We use our `get_chat_template` function to get the correct chat template. We support `zephyr, chatml, mistral, llama, alpaca, vicuna, vicuna_old, phi3, llama3` and more.

In [4]:
from unsloth.chat_templates import get_chat_template    # Purpose: Ensures data aligns with the structure expected by the model, including special tokens for roles (e.g., "user" and "assistant") and end-of-turn markers.

tokenizer = get_chat_template(         # Returns a wrapped tokenizer object.

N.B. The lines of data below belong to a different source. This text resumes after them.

(* Let $(V,\le,\preccurlyeq)$ be a mixed lattice vector space. Then for all $x,y\in V$, $$ s(x^u-y^u)\le s(x-y). $$
   Context: A mixed lattice vector space $(V,\le,\preccurlyeq)$ is a real vector space $V$ with two partial orderings $\le$ (the initial order) and $\preccurlyeq$ (the specific order), each making $V$ a partially ordered vector space (i.e. $u\le v$ implies $u+w\le v+w$ and $au\le av$ for all $w\in V$, $a\ge 0$; likewise for $\preccurlyeq$), with positive cones $V_p=\{x:0\le x\}$ and $V_{sp}=\{x:0\preccurlyeq x\}$, such that: (1) for all $x,y\in V$ the mixed upper envelope $x\curlyvee y=\min\{w\in V: w\succcurlyeq x \text{ and } w\ge y\}$ and the mixed lower envelope $x\curlywedge y=\max\{w\in V: w\preccurlyeq x \text{ and } w\le y\}$ exist, where the minimum and maximum are taken with respect to $\le$; (2) $x\preccurlyeq y$ implies $x\le y$; (3) $x\curlyvee y$ and $x\curlywedge y$ belong to $V_{sp}$ whenever $x,y\in V_{sp}$. Notation: $x^u=0\curlyvee x$, $x^l=0\curlyvee(-x)$, ${}^ux=x\curlyvee 0$, ${}^lx=(-x)\curlyvee 0$, and the symmetric generalized absolute value $s(x)=x^u+x^l$ (which also equals ${}^ux+{}^lx$). *)

theory Defs
  imports Main "HOL.Real_Vector_Spaces"
begin

definition ordered_vs :: "('a::real_vector \<Rightarrow> 'a \<Rightarrow> bool) \<Rightarrow> bool" where
  "ordered_vs r \<longleftrightarrow>
     (\<forall>x. r x x) \<and>
     (\<forall>x y. r x y \<and> r y x \<longrightarrow> x = y) \<and>
     (\<forall>x y z. r x y \<and> r y z \<longrightarrow> r x z) \<and>
     (\<forall>u v w. r u v \<longrightarrow> r (u + w) (v + w)) \<and>
     (\<forall>u v (a::real). r u v \<and> 0 \<le> a \<longrightarrow> r (a *\<^sub>R u) (a *\<^sub>R v))"

definition is_least_wrt :: "('a \<Rightarrow> 'a \<Rightarrow> bool) \<Rightarrow> 'a set \<Rightarrow> 'a \<Rightarrow> bool" where
  "is_least_wrt r S m \<longleftrightarrow> m \<in> S \<and> (\<forall>w\<in>S. r m w)"

definition is_greatest_wrt :: "('a \<Rightarrow> 'a \<Rightarrow> bool) \<Rightarrow> 'a set \<Rightarrow> 'a \<Rightarrow> bool" where
  "is_greatest_wrt r S m \<longleftrightarrow> m \<in> S \<and> (\<forall>w\<in>S. r w m)"

definition mup :: "('a \<Rightarrow> 'a \<Rightarrow> bool) \<Rightarrow> ('a \<Rightarrow> 'a \<Rightarrow> bool) \<Rightarrow> 'a \<Rightarrow> 'a \<Rightarrow> 'a" where
  "mup le sle x y = (THE m. is_least_wrt le {w. sle x w \<and> le y w} m)"

definition mlow :: "('a \<Rightarrow> 'a \<Rightarrow> bool) \<Rightarrow> ('a \<Rightarrow> 'a \<Rightarrow> bool) \<Rightarrow> 'a \<Rightarrow> 'a \<Rightarrow> 'a" where
  "mlow le sle x y = (THE m. is_greatest_wrt le {w. sle w x \<and> le w y} m)"

definition mixed_lattice_vs ::
  "('a::real_vector \<Rightarrow> 'a \<Rightarrow> bool) \<Rightarrow> ('a \<Rightarrow> 'a \<Rightarrow> bool) \<Rightarrow> bool" where
  "mixed_lattice_vs le sle \<longleftrightarrow>
     ordered_vs le \<and> ordered_vs sle \<and>
     (\<forall>x y. \<exists>m. is_least_wrt le {w. sle x w \<and> le y w} m) \<and>
     (\<forall>x y. \<exists>m. is_greatest_wrt le {w. sle w x \<and> le w y} m) \<and>
     (\<forall>x y. sle x y \<longrightarrow> le x y) \<and>
     (\<forall>x y. sle 0 x \<and> sle 0 y \<longrightarrow> sle 0 (mup le sle x y) \<and> sle 0 (mlow le sle x y))"

definition upart :: "('a::real_vector \<Rightarrow> 'a \<Rightarrow> bool) \<Rightarrow> ('a \<Rightarrow> 'a \<Rightarrow> bool) \<Rightarrow> 'a \<Rightarrow> 'a" where
  "upart le sle x = mup le sle 0 x"

definition lpart :: "('a::real_vector \<Rightarrow> 'a \<Rightarrow> bool) \<Rightarrow> ('a \<Rightarrow> 'a \<Rightarrow> bool) \<Rightarrow> 'a \<Rightarrow> 'a" where
  "lpart le sle x = mup le sle 0 (- x)"

definition sabs :: "('a::real_vector \<Rightarrow> 'a \<Rightarrow> bool) \<Rightarrow> ('a \<Rightarrow> 'a \<Rightarrow> bool) \<Rightarrow> 'a \<Rightarrow> 'a" where
  "sabs le sle x = upart le sle x + lpart le sle x"

end

theory Submission
  imports Defs
begin

text \<open>Since \<open>x\<^sup>u\<close> is the least \<open>w \<succcurlyeq> 0\<close> with \<open>w \<ge> x\<close>, the map \<open>x \<mapsto> x\<^sup>u\<close> is subadditive;
  hence \<open>x\<^sup>u - y\<^sup>u \<le> (x - y)\<^sup>u\<close>, and as \<open>(x - y)\<^sup>u \<succcurlyeq> 0\<close> this gives
  \<open>(x\<^sup>u - y\<^sup>u)\<^sup>u \<le> (x - y)\<^sup>u\<close>. Exchanging \<open>x\<close> and \<open>y\<close> bounds the lower parts, because
  \<open>z\<^sup>l = (-z)\<^sup>u\<close>, and adding the two inequalities bounds \<open>s\<close>.\<close>

lemma ordered_vs_trans: "ordered_vs r \<Longrightarrow> r x y \<Longrightarrow> r y z \<Longrightarrow> r x z"
  unfolding ordered_vs_def by meson

lemma ordered_vs_antisym: "ordered_vs r \<Longrightarrow> r x y \<Longrightarrow> r y x \<Longrightarrow> x = y"
  unfolding ordered_vs_def by meson

lemma ordered_vs_add_right: "ordered_vs r \<Longrightarrow> r u v \<Longrightarrow> r (u + w) (v + w)"
  unfolding ordered_vs_def by meson

lemma ordered_vs_add_mono:
  assumes r: "ordered_vs r" and "r a b" and "r c d"
  shows "r (a + c) (b + d)"
proof -
  have "r (a + c) (b + c)" using ordered_vs_add_right[OF r \<open>r a b\<close>] .
  moreover have "r (c + b) (d + b)" using ordered_vs_add_right[OF r \<open>r c d\<close>] .
  then have "r (b + c) (b + d)" by (simp add: add.commute)
  ultimately show ?thesis using ordered_vs_trans[OF r] by blast
qed

lemma ordered_vs_diff_le_iff_le_add:
  assumes r: "ordered_vs r"
  shows "r (a - b) c \<longleftrightarrow> r a (c + b)"
proof
  assume "r (a - b) c"
  from ordered_vs_add_right[OF r this, of b] show "r a (c + b)" by simp
next
  assume "r a (c + b)"
  from ordered_vs_add_right[OF r this, of "- b"] show "r (a - b) c" by simp
qed

context
  fixes le sle :: "'a::real_vector \<Rightarrow> 'a \<Rightarrow> bool"
  assumes mixed: "mixed_lattice_vs le sle"
begin

lemma ordered_vs_le: "ordered_vs le"
  and ordered_vs_sle: "ordered_vs sle"
  using mixed unfolding mixed_lattice_vs_def by simp_all

lemma mup_is_least: "is_least_wrt le {w. sle x w \<and> le y w} (mup le sle x y)"
proof -
  obtain m where m: "is_least_wrt le {w. sle x w \<and> le y w} m"
    using mixed unfolding mixed_lattice_vs_def by blast
  have "mup le sle x y = m"
    unfolding mup_def
  proof (rule the_equality)
    fix n assume "is_least_wrt le {w. sle x w \<and> le y w} n"
    with m show "n = m"
      unfolding is_least_wrt_def by (blast intro: ordered_vs_antisym[OF ordered_vs_le])
  qed (fact m)
  with m show ?thesis by simp
qed

lemma upart_sge_zero: "sle 0 (upart le sle x)"
  and upart_ge: "le x (upart le sle x)"
  and upart_least: "sle 0 w \<Longrightarrow> le x w \<Longrightarrow> le (upart le sle x) w"
  using mup_is_least[of 0 x] unfolding upart_def is_least_wrt_def by auto

lemma upart_add_le: "le (upart le sle (a + b)) (upart le sle a + upart le sle b)"
proof (rule upart_least)
  \<comment> \<open>\<open>r\<close> is instantiated before \<open>OF\<close>: unifying \<open>?r ?a ?b\<close> with the premises diverges.\<close>
  show "sle 0 (upart le sle a + upart le sle b)"
    using ordered_vs_add_mono[where r = sle, OF ordered_vs_sle upart_sge_zero upart_sge_zero] by simp
  show "le (a + b) (upart le sle a + upart le sle b)"
    using ordered_vs_add_mono[where r = le, OF ordered_vs_le upart_ge upart_ge] .
qed

lemma upart_diff_le_upart_diff: "le (upart le sle x - upart le sle y) (upart le sle (x - y))"
  unfolding ordered_vs_diff_le_iff_le_add[OF ordered_vs_le]
  using upart_add_le[of "x - y" y] by simp

lemma upart_upart_diff_le: "le (upart le sle (upart le sle x - upart le sle y)) (upart le sle (x - y))"
  using upart_least[OF upart_sge_zero upart_diff_le_upart_diff] .

end

lemma lpart_eq_upart_uminus: "lpart le sle z = upart le sle (- z)"
  by (simp add: lpart_def upart_def)

theorem lemma2p8:
  fixes le sle :: "'a::real_vector \<Rightarrow> 'a \<Rightarrow> bool"
  assumes "mixed_lattice_vs le sle"
  shows "\<forall>x y. le (sabs le sle (upart le sle x - upart le sle y)) (sabs le sle (x - y))"
proof (intro allI)
  fix x y :: 'a
  have upper: "le (upart le sle (upart le sle x - upart le sle y)) (upart le sle (x - y))"
    using upart_upart_diff_le[OF assms] .
  have "le (upart le sle (upart le sle y - upart le sle x)) (upart le sle (y - x))"
    using upart_upart_diff_le[OF assms] .
  then have lower: "le (lpart le sle (upart le sle x - upart le sle y)) (lpart le sle (x - y))"
    unfolding lpart_eq_upart_uminus minus_diff_eq .
  show "le (sabs le sle (upart le sle x - upart le sle y)) (sabs le sle (x - y))"
    unfolding sabs_def using ordered_vs_add_mono[where r = le, OF ordered_vs_le[OF assms] upper lower] .
qed

end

This enables easy transformation of unstructured conversation data into a structured format that the model can process.
    tokenizer,
    chat_template = "llama-3.1",
)

def formatting_prompts_func(examples):     # After applying the formatting_prompts_func, the dataset will be formatted and ready for tokenization, training, or evaluation.
    convos = examples["conversations"]
    texts = [tokenizer.apply_chat_template(convo, tokenize = False, add_generation_prompt = False) for convo in convos]
    return { "text" : texts, }
pass

from datasets import load_dataset
dataset = load_dataset("mlabonne/FineTome-100k", split = "train")     # Loaded dataset!!!!!! contains pre-defined conversations suitable for fine-tuning conversational AI.

README.md:   0%|          | 0.00/982 [00:00<?, ?B/s]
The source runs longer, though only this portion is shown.